Aksi warga ini dibenarkan Kepala Desa Karang Anyar Darmawansyah,SH menurut Iwan—panggilan akrab Darmawansyah, Galian C milik Akay merusak ekosistem lingkungan hidup di Sungai Lematang.Darmawan menyebutkan,  Lubuk Selike hingga sekarang hanya tinggal kenangan.

“Para pengemplang galian C harus dipenjara. Para perusah lingkungan itu harus diadili. Bahkan kami menuntut pencabutan dan peutupan usaha perusahaan galian C Akay karena merusak daerah aliran sungai,” tegas Iwan.

Iwan mengatakan, pihaknya akan menunggu keputusan dari Pemerintah Kabupaten (Pemkab). Sebab dalam waktu dekat pihak Pemkab akan turun dan akan mengkaji ualng tentang Galian C tersebut.

“Ini kita lakukan supaya sama-sama enak dan ada keputusan, baik dari warga, Akay dan pemerintah. Kalau tidak ada keputusan, maka demo kembali dilakukan untuk menuntut keadilan,” tegas Iwan.

Ketua BPD Desa Karang Anyar, Melwan juga mengatakan, alasan warga menggelar aksi demo ini karena warga seperti  dianak tirikan. “Demo ini juga  dilakukan karena ketersinggungan dengan kata yang dilontarkan Akay yang mengatakan : kalau mau demo-ya demo aja pada kami,” ucap Melwan menirukan Akay.
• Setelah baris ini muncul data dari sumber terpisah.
lemma le_pow_trans:
  assumes "x \<in> carrier G" "y \<in> carrier G" "z \<in> carrier G"
    and "y \<preceq> x [^] (n::nat)" "z \<preceq> y [^] (m::nat)"
  shows "z \<preceq> x [^] (n * m)"
proof -
  have "y [^] m \<preceq> (x [^] n) [^] m"
    using assms pow_mono by simp
  then show ?thesis
    using assms ord_trans[of z "y [^] m" "x [^] (n * m)"] by (simp add: nat_pow_pow)
qed

lemma arch_equiv_trans:
  assumes "a \<in> carrier G" "b \<in> carrier G" "c \<in> carrier G" "a \<asymp> b" "b \<asymp> c"
  shows "a \<asymp> c"
  using assms le_pow_trans[of a b c] le_pow_trans[of c b a] unfolding arch_equiv_def
  by (metis nat_mult_1 mult_le_mono)

lemma arch_less_arch_equiv_left:
  assumes "a \<in> carrier G" "b \<in> carrier G" "a' \<in> carrier G" "a \<lless> b" "a \<asymp> a'"
  shows "a' \<lless> b"
  unfolding arch_less_def
proof (intro allI impI)
  fix k :: nat assume k: "k \<ge> 1"
  obtain m :: nat where m: "m \<ge> 1" "a' \<preceq> a [^] m"
    using assms unfolding arch_equiv_def by blast
  have "a' [^] k \<preceq> a [^] (m * k)"
    using m assms pow_mono[of a' "a [^] m" k] by (simp add: nat_pow_pow)
  moreover have "a [^] (m * k) \<lessdot> b"
    using assms k m unfolding arch_less_def by simp
  ultimately show "a' [^] k \<lessdot> b"
    using assms le_lt_trans[of "a' [^] k" "a [^] (m * k)" b] by simp
qed
lemma peirce11_mul_st:
  assumes p: "is_proj p" and a: "peirce12 p a" and b: "peirce12 p b"
  shows "peirce11 p (mul b (st a))"
proof -
  have "mul p (st a) = 0" "mul (st a) p = st a"
    using peirce12_st[OF p a] unfolding peirce12_compl_iff by auto
  then show ?thesis
    unfolding peirce11_def
    using left_alternative_lin[of p b "st a"] right_alternative_lin[of b "st a" p] b
    unfolding peirce12_def by simp
qed

lemma peirce12_of_mem_peirce: "is_proj p \<Longrightarrow> a \<in> peirce mul p (one - p) \<Longrightarrow> peirce12 p a"
proof -
  assume p: "is_proj p" and "a \<in> peirce mul p (one - p)"
  then obtain x where a: "a = mul p (mul x (one - p))" unfolding peirce_def by auto
  have "mul (mul x (one - p)) p = 0"
    using proj_mul_idem_right[OF p, of x] by (simp add: bilinear_simps)
  then show ?thesis
    unfolding peirce12_def a using proj_mul_idem_left[OF p] flexible[of p "mul x (one - p)"]
    by simp
qed

end

subsection \<open>Bijections preserving x y + \<epsilon> y x*\<close>

locale product_preserver = unital_alt_star_alg sc mul st one
  for sc :: "complex \<Rightarrow> 'a::ab_group_add \<Rightarrow> 'a" and mul st one +
  fixes \<epsilon> :: complex and prodB :: "'b::ab_group_add \<Rightarrow> 'b \<Rightarrow> 'b" and \<Phi> :: "'a \<Rightarrow> 'b"
  assumes sign: "\<epsilon> = 1 \<or> \<epsilon> = - 1"
    and prodB_add_right: "prodB u (v + w) = prodB u v + prodB u w"
    and prodB_add_left: "prodB (u + v) w = prodB u w + prodB v w"
    and bij: "bij \<Phi>"
    and preserves: "\<Phi> (mul x y + sc \<epsilon> (mul y (st x))) = prodB (\<Phi> x) (\<Phi> y)"
begin

definition circ :: "'a \<Rightarrow> 'a \<Rightarrow> 'a" where
  "circ x y = mul x y + sc \<epsilon> (mul y (st x))"

lemma Phi_circ: "\<Phi> (circ x y) = prodB (\<Phi> x) (\<Phi> y)"
  unfolding circ_def by (rule preserves)

lemma circ_add_right: "circ z (x + y) = circ z x + circ z y"
  and circ_add_left: "circ (x + y) z = circ x z + circ y z"
  unfolding circ_def by (simp_all add: bilinear_simps algebra_simps)

lemma circ_zero_left [simp]: "circ 0 z = 0"
  and circ_zero_right [simp]: "circ z 0 = 0"
  unfolding circ_def by simp_all

lemma Phi_inject: "\<Phi> x = \<Phi> y \<Longrightarrow> x = y"
  using bij by (simp add: bij_def inj_def)

lemma Phi_surj: "\<exists>x. \<Phi> x = u"
  using bij by (metis bij_pointE)

lemma Phi_zero [simp]: "\<Phi> 0 = 0"
proof -
  obtain y where y: "\<Phi> y = 0" using Phi_surj by blast
  have "\<Phi> 0 = prodB (\<Phi> 0) 0" by (metis Phi_circ circ_zero_left y)
  also have "\<dots> = 0" using prodB_add_right[of "\<Phi> 0" 0 0] by simp
  finally show ?thesis .
qed

definition intertwining :: "('a \<Rightarrow> 'a) \<Rightarrow> bool" where
  "intertwining f \<longleftrightarrow> (\<forall>x y. f (x + y) = f x + f y) \<and>
     (\<exists>g. (\<forall>x. \<Phi> (f x) = g (\<Phi> x)) \<and> (\<forall>u v. g (u + v) = g u + g v))"

lemma intertwining_circ_left: "intertwining (circ z)"
  unfolding intertwining_def using circ_add_right Phi_circ prodB_add_right by blast

lemma intertwining_circ_right: "intertwining (\<lambda>x. circ x w)"
  unfolding intertwining_def
proof (intro conjI exI)
  show "\<forall>x. \<Phi> (circ x w) = prodB (\<Phi> x) (\<Phi> w)" by (simp add: Phi_circ)
qed (simp_all add: circ_add_left prodB_add_left)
Terpisah, Akay  menjelaskan pihaknya akan menunggu hasil dari masyarakat Desa Karang Anyar. “Kita lihat maunya seperti apa mereka? Kalaupun yang dibahas mereka tentang ucapan saya : “Kalau mau demo ya demo aja”  itu saya tidak ingat lagi, karena waktu itu saya lagi pusing atau emosi,” kata Akay.

melihat desakan warga itu, Akay siap menemui warga untuk menuntaskan permasalahan ini. Akay berharap  masalah besar dikecilkan, yang kecil dihabiskan.

“Saya siap memenuhi apapun maunya warga asalkan masih pantas untuk dipertanggung jawabkan, kita menunggu suasana dingin. Dalam waktu dekat saya akan berunding kembali dengan warga untuk memecahkan masalah ini,” tegasnya kepada wartawan Kabar Sumatera.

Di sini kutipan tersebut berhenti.